Stored data:
(* Let $n\ge2$ and let $E_1,\dots,E_n,H_1,\dots,H_n$ be logically independent events with $H_i\ne\emptyset$ for all $i$. Then the set $\Pi$ of all coherent prevision assessments $(x_1,\dots,x_n,x_{1\cdots n})$ on $\mathcal F=\{E_1|H_1,\dots,E_n|H_n,\mathscr C_{1\cdots n}\}$ is $$\Pi=\{(x_1,\dots,x_n,x_{1\cdots n}):(x_1,\dots,x_n)\in[0,1]^n,\ T_L(x_1,\dots,x_n)\le x_{1\cdots n}\le T_M(x_1,\dots,x_n)\},$$ where $T_L(x_1,\dots,x_n)=\max\{\sum_{i=1}^nx_i-n+1,0\}$ and $T_M(x_1,\dots,x_n)=\min\{x_1,\dots,x_n\}$. In particular the Fréchet–Hoeffding bounds for the prevision of the conjunction are sharp.
   Context: Events are identified with their indicators; $\bar E$ is the negation of $E$ and $EH$ the conjunction. For events $E,H$ with $H\neq\emptyset$, the conditional event $E|H$ is true if $EH$ is true, false if $\bar EH$ is true, void if $\bar H$ is true; once $P(E|H)=x$ is assessed, $E|H$ is identified with the random quantity $EH+x\bar H$. More generally a finite conditional random quantity $X|H$ with assessed prevision $\mu=\mathbb P(X|H)$ is identified with $XH+\mu\bar H$. Coherence (de Finetti): a prevision assessment $(\mu_1,\dots,\mu_m)$ on a family $\{X_1|H_1,\dots,X_m|H_m\}$ is coherent iff for every choice of real stakes $s_1,\dots,s_m$ the random gain $G=\sum_{i}s_iH_i(X_i-\mu_i)$, restricted to the values it can take when $H_1\vee\dots\vee H_m$ is true, satisfies $\min G\le 0\le\max G$ (and the same holds for every subfamily). Events $E_1,\dots,E_n,H_1,\dots,H_n$ are logically independent if all $2^{2n}$ conjunctions of these events or their negations are nonempty. Conjunction of $n$ conditional events: for every nonempty $S\subseteq\{1,\dots,n\}$ let $x_S$ be a prevision value assigned to $\mathscr C_S=\bigwedge_{i\in S}(E_i|H_i)$ (defined recursively, $\mathscr C_{\{i\}}=E_i|H_i$, $x_{\{i\}}=x_i$). Then $\mathscr C_{1\cdots n}$ is the random quantity equal to $1$ if $\bigwedge_{i=1}^nE_iH_i$ is true; $0$ if $\bigvee_{i=1}^n\bar E_iH_i$ is true; $x_S$ if $(\bigwedge_{i\in S}\bar H_i)\wedge(\bigwedge_{i\notin S}E_iH_i)$ is true, for each nonempty strict subset $S$; and $x_{1\cdots n}=\mathbb P(\mathscr C_{1\cdots n})$ if $\bigwedge_{i=1}^n\bar H_i$ is true. The values $x_S$ of the strict sub-conjunctions are fixed (coherently assessed) beforehand; the statement concerns the assessment on $\mathcal F$. *)

theory Defs
  imports Main "HOL-Library.Indicator_Function"
begin

text \<open>A finite family of conditional random quantities is indexed by a finite
  set I; member i is X i | C i with assessed prevision mu i.
  Only the values of X i on C i matter for the random gain.\<close>

definition coherent ::
  "'i set \<Rightarrow> ('i \<Rightarrow> 'w \<Rightarrow> real) \<Rightarrow> ('i \<Rightarrow> 'w set) \<Rightarrow> ('i \<Rightarrow> real) \<Rightarrow> bool" where
  "coherent I X C mu \<longleftrightarrow>
     (\<forall>J \<subseteq> I. J \<noteq> {} \<longrightarrow> (\<forall>s :: 'i \<Rightarrow> real.
        let G = (\<lambda>w. \<Sum>i\<in>J. s i * indicator (C i) w * (X i w - mu i)) in
        (\<exists>w \<in> (\<Union>i\<in>J. C i). G w \<le> 0) \<and> (\<exists>w \<in> (\<Union>i\<in>J. C i). G w \<ge> 0)))"

definition log_indep :: "nat \<Rightarrow> (nat \<Rightarrow> 'w set) \<Rightarrow> (nat \<Rightarrow> 'w set) \<Rightarrow> bool" where
  "log_indep n E H \<longleftrightarrow>
     (\<forall>A \<subseteq> {1..n}. \<forall>B \<subseteq> {1..n}.
        (\<Inter>i\<in>{1..n}. if i \<in> A then E i else - E i) \<inter>
        (\<Inter>i\<in>{1..n}. if i \<in> B then H i else - H i) \<noteq> {})"

text \<open>The conjunction of the conditional events E_i|H_i, i in S, as a random
  quantity, given prevision values x T for the sub-conjunctions T.\<close>
definition conj_rv :: "(nat \<Rightarrow> 'w set) \<Rightarrow> (nat \<Rightarrow> 'w set) \<Rightarrow> (nat set \<Rightarrow> real) \<Rightarrow> nat set \<Rightarrow> 'w \<Rightarrow> real" where
  "conj_rv E H x S w =
     (if \<exists>i\<in>S. w \<in> H i \<and> w \<notin> E i then 0
      else if {i\<in>S. w \<notin> H i} = {} then 1
      else x {i\<in>S. w \<notin> H i})"

definition conj_cond :: "(nat \<Rightarrow> 'w set) \<Rightarrow> nat set \<Rightarrow> 'w set" where
  "conj_cond H S = (\<Union>i\<in>S. H i)"

definition T_L :: "nat \<Rightarrow> (nat \<Rightarrow> real) \<Rightarrow> real" where
  "T_L n y = max ((\<Sum>i\<in>{1..n}. y i) - real n + 1) 0"

definition T_M :: "nat \<Rightarrow> (nat \<Rightarrow> real) \<Rightarrow> real" where
  "T_M n y = Min (y ` {1..n})"

end

theory Submission
  imports Defs
begin

text \<open>Necessity: if all strict sub-conjunctions satisfy the Frechet-Hoeffding bounds, the
  conjunction satisfies them pointwise with respect to its conjuncts, and a coherent assessment
  inherits every linear inequality that holds on the conditioning events; induction over the
  sub-conjunctions does the rest. Sufficiency: by logical independence every constituent on which
  all H_i are true and exactly the E_i with i in A are true is possible; there the random gain is
  an affine function of (of_bool (A = {1..n}), indicator A) vanishing at the assessment, and the
  Frechet bounds make a nonnegative combination of its values at two or at n + 1 of these points
  nonnegative, so one of the values is nonnegative.\<close>

definition gain ::
  "'i set \<Rightarrow> ('i \<Rightarrow> 'w \<Rightarrow> real) \<Rightarrow> ('i \<Rightarrow> 'w set) \<Rightarrow> ('i \<Rightarrow> real) \<Rightarrow> ('i \<Rightarrow> real) \<Rightarrow> 'w \<Rightarrow> real" where
  "gain J X C mu s w = (\<Sum>i\<in>J. s i * indicator (C i) w * (X i w - mu i))"

definition no_dutch_book :: "'i set \<Rightarrow> ('i \<Rightarrow> 'w \<Rightarrow> real) \<Rightarrow> ('i \<Rightarrow> 'w set) \<Rightarrow> ('i \<Rightarrow> real) \<Rightarrow> bool" where
  "no_dutch_book J X C mu \<longleftrightarrow>
     (\<forall>s. (\<exists>w\<in>(\<Union>i\<in>J. C i). gain J X C mu s w \<le> 0) \<and> (\<exists>w\<in>(\<Union>i\<in>J. C i). 0 \<le> gain J X C mu s w))"

lemma coherent_iff_no_dutch_book:
  "coherent I X C mu \<longleftrightarrow> (\<forall>J\<subseteq>I. J \<noteq> {} \<longrightarrow> no_dutch_book J X C mu)"
  by (simp add: coherent_def no_dutch_book_def gain_def Let_def)

lemma coherent_subset: "coherent I X C mu \<Longrightarrow> J \<subseteq> I \<Longrightarrow> coherent J X C mu"
  by (auto simp: coherent_iff_no_dutch_book)

lemma gain_uminus: "gain J X C mu (\<lambda>i. - s i) w = - gain J X C mu s w"
  by (simp add: gain_def sum_negf)

lemma gain_restrict:
  assumes "finite I" and "J \<subseteq> I"
  shows "gain J X C mu s w = gain I X C mu (\<lambda>i. if i \<in> J then s i else 0) w"
  unfolding gain_def using assms by (intro sum.mono_neutral_cong_left) auto

lemma gain_identified:
  assumes "\<And>i. i \<in> J \<Longrightarrow> w \<notin> C i \<Longrightarrow> X i w = mu i"
  shows "gain J X C mu s w = (\<Sum>i\<in>J. s i * (X i w - mu i))"
  unfolding gain_def using assms by (intro sum.cong) (auto simp: indicator_def)

lemma no_dutch_book_if_gain_nonneg:
  assumes "\<And>s. \<exists>w\<in>(\<Union>i\<in>J. C i). 0 \<le> gain J X C mu s w"
  shows "no_dutch_book J X C mu"
  unfolding no_dutch_book_def
proof (intro allI conjI)
  fix s
  obtain w where "w \<in> (\<Union>i\<in>J. C i)" "0 \<le> gain J X C mu (\<lambda>i. - s i) w"
    using assms by blast
  then show "\<exists>w\<in>(\<Union>i\<in>J. C i). gain J X C mu s w \<le> 0"
    by (auto simp: gain_uminus)
qed (use assms in blast)

text \<open>The hypothesis on X is the identification of X i | C i with X i C i + mu i (not C i).\<close>

lemma no_dutch_book_imp_linear_bound:
  assumes "no_dutch_book J X C mu"
    and "\<And>i w. i \<in> J \<Longrightarrow> w \<notin> C i \<Longrightarrow> X i w = mu i"
    and "\<And>w. w \<in> (\<Union>i\<in>J. C i) \<Longrightarrow> c \<le> (\<Sum>i\<in>J. s i * X i w)"
  shows "c \<le> (\<Sum>i\<in>J. s i * mu i)"
proof -
  obtain w where w: "w \<in> (\<Union>i\<in>J. C i)" and "gain J X C mu s w \<le> 0"
    using assms(1) unfolding no_dutch_book_def by blast
  then have "(\<Sum>i\<in>J. s i * X i w) \<le> (\<Sum>i\<in>J. s i * mu i)"
    using assms(2) by (simp add: gain_identified right_diff_distrib sum_subtractf)
  then show ?thesis using assms(3)[OF w] by linarith
qed

definition frechet_bounds :: "'a set \<Rightarrow> ('a \<Rightarrow> real) \<Rightarrow> real \<Rightarrow> bool" where
  "frechet_bounds S y z \<longleftrightarrow> 0 \<le> z \<and> (\<Sum>i\<in>S. y i) - real (card S) + 1 \<le> z \<and> (\<forall>i\<in>S. z \<le> y i)"

lemma frechet_bounds_iff_T_L_T_M:
  "1 \<le> n \<Longrightarrow> frechet_bounds {1..n} y z \<longleftrightarrow> T_L n y \<le> z \<and> z \<le> T_M n y"
  by (auto simp: frechet_bounds_def T_L_def T_M_def)

text \<open>The Frechet region of (z, y) is the convex hull of the points (of_bool (A = S), indicator A)
  for A \<subseteq> S; vertex_gain is the value at such a point of an affine function vanishing at (z, y).\<close>

definition vertex_gain :: "'a set \<Rightarrow> real \<Rightarrow> real \<Rightarrow> ('a \<Rightarrow> real) \<Rightarrow> ('a \<Rightarrow> real) \<Rightarrow> 'a set \<Rightarrow> real" where
  "vertex_gain S a z t y A = a * (of_bool (A = S) - z) + (\<Sum>i\<in>S. t i * (of_bool (i \<in> A) - y i))"

lemma vertex_gain_top: "vertex_gain S a z t y S = a * (1 - z) + (\<Sum>i\<in>S. t i * (1 - y i))"
  by (simp add: vertex_gain_def)

lemma vertex_gain_Diff_singleton:
  assumes "finite S" and "j \<in> S"
  shows "vertex_gain S a z t y (S - {j}) = vertex_gain S a z t y S - a - t j"
proof -
  have "(\<Sum>i\<in>S. t i * (of_bool (i \<in> S - {j}) - y i)) = (\<Sum>i\<in>S. t i * (1 - y i) - of_bool (i = j) * t i)"
    using assms by (intro sum.cong) (auto simp: algebra_simps)
  also have "\<dots> = (\<Sum>i\<in>S. t i * (1 - y i)) - t j"
    using assms by (simp add: sum_subtractf)
  finally show ?thesis
    using assms by (auto simp: vertex_gain_def algebra_simps)
qed

lemma ex_nonneg_of_nonneg_combination:
  fixes c f :: "'a \<Rightarrow> real"
  assumes "finite I" and "0 \<le> c0" and "\<forall>i\<in>I. 0 \<le> c i" and "0 < c0 + sum c I"
    and "0 \<le> c0 * f0 + (\<Sum>i\<in>I. c i * f i)"
  shows "0 \<le> f0 \<or> (\<exists>i\<in>I. 0 \<le> f i)"
proof (rule ccontr)
  assume "\<not> ?thesis"
  then have neg: "f0 < 0" "\<forall>i\<in>I. f i < 0" by auto
  have terms_nonpos: "\<forall>i\<in>I. c i * f i \<le> 0"
    using assms(3) neg(2) by (metis less_eq_real_def mult_nonneg_nonpos)
  have "c0 * f0 + (\<Sum>i\<in>I. c i * f i) < 0"
  proof (cases "c0 = 0")
    case True
    then obtain j where "j \<in> I" "0 < c j"
      using assms(4) sum_nonpos[of I c] by (metis add_0 not_less)
    then have "c j * f j < 0" using neg(2) by (simp add: mult_pos_neg)
    then have "(\<Sum>i\<in>I. c i * f i) < (\<Sum>i\<in>I. 0)"
      using assms(1) terms_nonpos \<open>j \<in> I\<close> by (intro sum_strict_mono_ex1) auto
    then show ?thesis using True by simp
  next
    case False
    then have "c0 * f0 < 0" using assms(2) neg(1) by (simp add: mult_pos_neg)
    moreover have "(\<Sum>i\<in>I. c i * f i) \<le> 0" using terms_nonpos by (simp add: sum_nonpos)
    ultimately show ?thesis by linarith
  qed
  then show False using assms(5) by linarith
qed

lemma vertex_gain_nonneg_if_negative_stake:
  assumes "frechet_bounds S y z" and "\<forall>i\<in>S. y i \<le> 1" and "j \<in> S" and "t j < 0"
  shows "\<exists>A\<subseteq>S. 0 \<le> vertex_gain S a z t y A"
proof -
  define P where "P = {i\<in>S. 0 \<le> t i}"
  have z: "0 \<le> z" "z \<le> 1" and z_le: "\<forall>i\<in>S. z \<le> y i"
    using assms by (auto simp: frechet_bounds_def intro: order_trans)
  have "j \<notin> P" "P \<subseteq> S" using assms(4) by (auto simp: P_def)
  then have "P \<noteq> S" using assms(3) by blast
  then have "z * vertex_gain S a z t y S + (1 - z) * vertex_gain S a z t y P
      = (\<Sum>i\<in>S. t i * (z - y i + (1 - z) * of_bool (i \<in> P)))"
    by (simp add: vertex_gain_def sum_distrib_left sum.distrib[symmetric] algebra_simps)
  also have "\<dots> \<ge> 0"
  proof (intro sum_nonneg)
    fix i assume i: "i \<in> S"
    show "0 \<le> t i * (z - y i + (1 - z) * of_bool (i \<in> P))"
    proof (cases "i \<in> P")
      case True
      then show ?thesis using i assms(2) by (simp add: P_def)
    next
      case False
      then show ?thesis using i z_le by (simp add: P_def mult_nonpos_nonpos)
    qed
  qed
  finally have "0 \<le> vertex_gain S a z t y S \<or> (\<exists>A\<in>{P}. 0 \<le> vertex_gain S a z t y A)"
    using z by (intro ex_nonneg_of_nonneg_combination[where c = "\<lambda>_. 1 - z"]) auto
  then show ?thesis using \<open>P \<subseteq> S\<close> by auto
qed
(* Let $K$ be a field containing $\mathbb{Q}$ such that every element of $K$ is algebraic over $\mathbb{Q}$. Then $\widetilde{K}=\{x\in K: \sigma(x)=x \text{ for every field automorphism } \sigma \text{ of } K\}$.
   Context: Let $K$ be a field. For $r\in K$, a finite set $A(r)$ with $\{r\}\subseteq A(r)\subseteq K$ is called adequate for $r$ if every mapping $f:A(r)\to K$ satisfying (1) if $1\in A(r)$ then $f(1)=1$; (2) if $a,b\in A(r)$ and $a+b\in A(r)$ then $f(a+b)=f(a)+f(b)$; (3) if $a,b\in A(r)$ and $a\cdot b\in A(r)$ then $f(a\cdot b)=f(a)\cdot f(b)$, also satisfies $f(r)=r$. $\widetilde{K}$ denotes the set of all $r\in K$ for which some finite set adequate for $r$ exists. *)

theory Defs
  imports "HOL-Computational_Algebra.Polynomial"
begin

definition adequate :: "'a::field set \<Rightarrow> 'a \<Rightarrow> bool" where
  "adequate A r \<longleftrightarrow> finite A \<and> r \<in> A \<and>
     (\<forall>f :: 'a \<Rightarrow> 'a.
        (1 \<in> A \<longrightarrow> f 1 = 1) \<and>
        (\<forall>a\<in>A. \<forall>b\<in>A. a + b \<in> A \<longrightarrow> f (a + b) = f a + f b) \<and>
        (\<forall>a\<in>A. \<forall>b\<in>A. a * b \<in> A \<longrightarrow> f (a * b) = f a * f b)
        \<longrightarrow> f r = r)"

definition Ktilde :: "'a::field set" where
  "Ktilde = {r. \<exists>A. adequate A r}"

definition field_automorphism :: "('a::field \<Rightarrow> 'a) \<Rightarrow> bool" where
  "field_automorphism \<sigma> \<longleftrightarrow> bij \<sigma> \<and> \<sigma> 1 = 1 \<and>
     (\<forall>x y. \<sigma> (x + y) = \<sigma> x + \<sigma> y) \<and> (\<forall>x y. \<sigma> (x * y) = \<sigma> x * \<sigma> y)"

end

theory Submission
  imports Defs "HOL-Analysis.Analysis"
begin

text \<open>An automorphism restricts to a map satisfying (1)--(3) on any finite set, so elements of
  \<open>Ktilde\<close> are fixed by all automorphisms. Conversely, suppose every finite set containing \<open>x\<close>
  carries such a partial homomorphism moving \<open>x\<close>. As \<open>K\<close> is algebraic, each \<open>k\<close> is a root of a
  nonzero integer polynomial, and a suitable finite set forces any partial homomorphism to map \<open>k\<close>
  into the finite root set \<open>R k\<close>. The partial homomorphisms may therefore be taken in the
  product of the finite discrete spaces \<open>R k\<close>, which is compact by Tychonoff, and they glue to a
  ring endomorphism moving \<open>x\<close>. It is injective, and it maps each finite set \<open>R k\<close> into itself,
  hence onto itself; so it is an automorphism not fixing \<open>x\<close>.\<close>

definition partial_hom :: "'a::{one,plus,times} set \<Rightarrow> ('a \<Rightarrow> 'a) \<Rightarrow> bool" where
  "partial_hom A f \<longleftrightarrow> (1 \<in> A \<longrightarrow> f 1 = 1) \<and>
     (\<forall>a\<in>A. \<forall>b\<in>A. a + b \<in> A \<longrightarrow> f (a + b) = f a + f b) \<and>
     (\<forall>a\<in>A. \<forall>b\<in>A. a * b \<in> A \<longrightarrow> f (a * b) = f a * f b)"
lemma ennreal_le_mult_Inf:
  fixes x c :: ennreal
  assumes c: "0 < c" "c < top" and le: "\<And>C. C \<in> A \<Longrightarrow> x \<le> C * c"
  shows "x \<le> c * Inf A"
proof -
  have "x / c \<le> Inf A"
    using le c by (intro Inf_greatest divide_le_posI_ennreal) (auto simp: mult.commute)
  then have "c * (x / c) \<le> c * Inf A" by (rule mult_left_mono) simp
  then show ?thesis using ennreal_mult_divide_cancel[OF c] by simp
qed

text \<open>Upper bound rho \<le> c sigma: apply each admissible constant to the constraint set and use
  the AM-GM bound.\<close>
lemma rho_le_interp_sigma:
  assumes p: "0 < p" "p < 2"
  shows "rho TYPE('a::euclidean_space) p \<le> ennreal (interp_const p) * sigma TYPE('a) p"
  unfolding sigma_eq_Inf
proof (rule ennreal_le_mult_Inf)
  show "0 < ennreal (interp_const p)" "ennreal (interp_const p) < top"
    using interp_const_pos[OF p] by simp_all
  fix C assume C: "C \<in> interp_admissible TYPE('a) p"
  show "rho TYPE('a) p \<le> C * ennreal (interp_const p)"
    unfolding rho_eq_Sup
  proof (rule Sup_least, clarify)
    fix g :: "'a \<Rightarrow> real" and G assume "(g, G) \<in> Gset UNIV"
    then have W: "(g, G) \<in> W12 UNIV" and n: "L2sq UNIV g + 1/2 * L2sq_vec UNIV G = 1"
      by (auto simp: Gset_def)
    have "hardy_integral p UNIV g
        \<le> C * ennreal (sqrt (L2sq UNIV g) powr (2 - p) * sqrt (L2sq_vec UNIV G) powr p)"
      using C W by (auto simp: interp_admissible_def)
    also have "\<dots> \<le> C * ennreal (interp_const p)"
      by (intro mult_left_mono ennreal_leI constraint_interp_bound[OF p] W12_norms[OF W] n) simp
    finally show "hardy_integral p UNIV g \<le> C * ennreal (interp_const p)" .
  qed
qed

text \<open>Dilating f by l and normalising so that its L2 part equals \<alpha> lands in the constraint set
  exactly when \<alpha> (1 + l^2 |grad f|^2 / (2 |f|^2)) = 1; then rho bounds the weighted integral
  of f by |f|^2 / (\<alpha> l^p) times rho.\<close>
lemma hardy_integral_le_rho_dilation:
  fixes f :: "'a::euclidean_space \<Rightarrow> real"
  assumes W: "(f, F) \<in> W12 UNIV" and a: "L2sq UNIV f > 0" and l: "l > 0" and \<alpha>: "\<alpha> > 0"
    and constraint: "\<alpha> + \<alpha> * l\<^sup>2 * L2sq_vec UNIV F / (2 * L2sq UNIV f) = 1"
  shows "hardy_integral p UNIV f \<le> ennreal (L2sq UNIV f / (\<alpha> * l powr p)) * rho TYPE('a) p"
proof -
  define a where "a = L2sq UNIV f"
  define t where "t = sqrt (\<alpha> * l^DIM('a) / a)"
  have t2: "t\<^sup>2 = \<alpha> * l^DIM('a) / a" using a l \<alpha> by (simp add: t_def a_def)
  note d = W12_dilate_norms[OF W l, where t=t]
  have "L2sq UNIV (\<lambda>x. t * f (l *\<^sub>R x)) = \<alpha>"
    using d(1) t2 a l by (simp add: a_def)
  moreover have "L2sq_vec UNIV (\<lambda>x. (t * l) *\<^sub>R F (l *\<^sub>R x)) = \<alpha> * l\<^sup>2 * L2sq_vec UNIV F / a"
    using d(2) t2 l by simp
  ultimately have "L2sq UNIV (\<lambda>x. t * f (l *\<^sub>R x))
      + 1/2 * L2sq_vec UNIV (\<lambda>x. (t * l) *\<^sub>R F (l *\<^sub>R x)) = 1"
    using constraint by (simp add: a_def)
  then have "((\<lambda>x. t * f (l *\<^sub>R x)), (\<lambda>x. (t * l) *\<^sub>R F (l *\<^sub>R x))) \<in> Gset UNIV"
    using W12_dilate[OF W l] by (simp add: Gset_def)
  then have "ennreal (t\<^sup>2 * l powr p / l^DIM('a)) * hardy_integral p UNIV f \<le> rho TYPE('a) p"
    using hardy_integral_le_hardy_sup d(3) by (fastforce simp: rho_def)
  moreover have "t\<^sup>2 * l powr p / l^DIM('a) = \<alpha> * l powr p / a" using t2 l by simp
  ultimately have K: "ennreal (\<alpha> * l powr p / a) * hardy_integral p UNIV f \<le> rho TYPE('a) p"
    by simp
  have "ennreal (a / (\<alpha> * l powr p)) * ennreal (\<alpha> * l powr p / a) = 1"
    using a l \<alpha> by (simp add: a_def ennreal_mult[symmetric])
  then have "hardy_integral p UNIV f
      = ennreal (a / (\<alpha> * l powr p)) * (ennreal (\<alpha> * l powr p / a) * hardy_integral p UNIV f)"
    by (simp add: mult.assoc[symmetric])
  also have "\<dots> \<le> ennreal (a / (\<alpha> * l powr p)) * rho TYPE('a) p"
    by (rule mult_left_mono[OF K]) simp
  finally show ?thesis by (simp add: a_def)
qed
lemma diagonal_mat_simple_eigenvalue_unique_index:
  fixes W :: "'a :: idom mat"
  assumes W: "W \<in> carrier_mat n n" "diagonal_mat W" and simple: "order lam (char_poly W) = 1"
    and ij: "i < n" "j < n" "W $$ (i,i) = lam" "W $$ (j,j) = lam"
  shows "i = j"
proof (rule ccontr)
  assume "i \<noteq> j"
  define f where "f k = [:- W $$ (k,k), 1:]" for k
  have "char_poly W = (\<Prod>k\<in>{0..<n} - {i,j}. f k) * (\<Prod>k\<in>{i,j}. f k)"
    unfolding char_poly_diagonal_mat[OF W] f_def using ij by (intro prod.subset_diff) auto
  also have "(\<Prod>k\<in>{i,j}. f k) = [:- lam, 1:] ^ 2"
    using \<open>i \<noteq> j\<close> ij by (simp add: f_def power2_eq_square)
  finally have "[:- lam, 1:] ^ 2 dvd char_poly W" by simp
  moreover have "char_poly W \<noteq> 0"
    unfolding char_poly_diagonal_mat[OF W] by (simp add: prod_zero_iff)
  ultimately show False using simple by (simp add: order_divides)
qed

lemma diagonal_mat_eigenvector_support:
  fixes W :: "'a :: idom mat"
  assumes W: "W \<in> carrier_mat n n" "diagonal_mat W" and ev: "eigenvector W v lam"
    and i: "i < n" "v $ i \<noteq> 0"
  shows "W $$ (i,i) = lam"
proof -
  have v: "v \<in> carrier_vec n" "W *\<^sub>v v = lam \<cdot>\<^sub>v v"
    using ev W unfolding eigenvector_def by auto
  have "W $$ (i,i) * v $ i = lam * v $ i"
    using diagonal_mat_mult_vec_index[OF W v(1) i(1)] v i by simp
  with i show ?thesis by simp
qed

## EXERCISE
Across the entries above, find the lines with the string "blast" and copy them.

## SOLUTION TO THE PROBLEM
    using assms by blast
qed (use assms in blast)
    using assms(1) unfolding no_dutch_book_def by blast
  then have "P \<noteq> S" using assms(3) by blast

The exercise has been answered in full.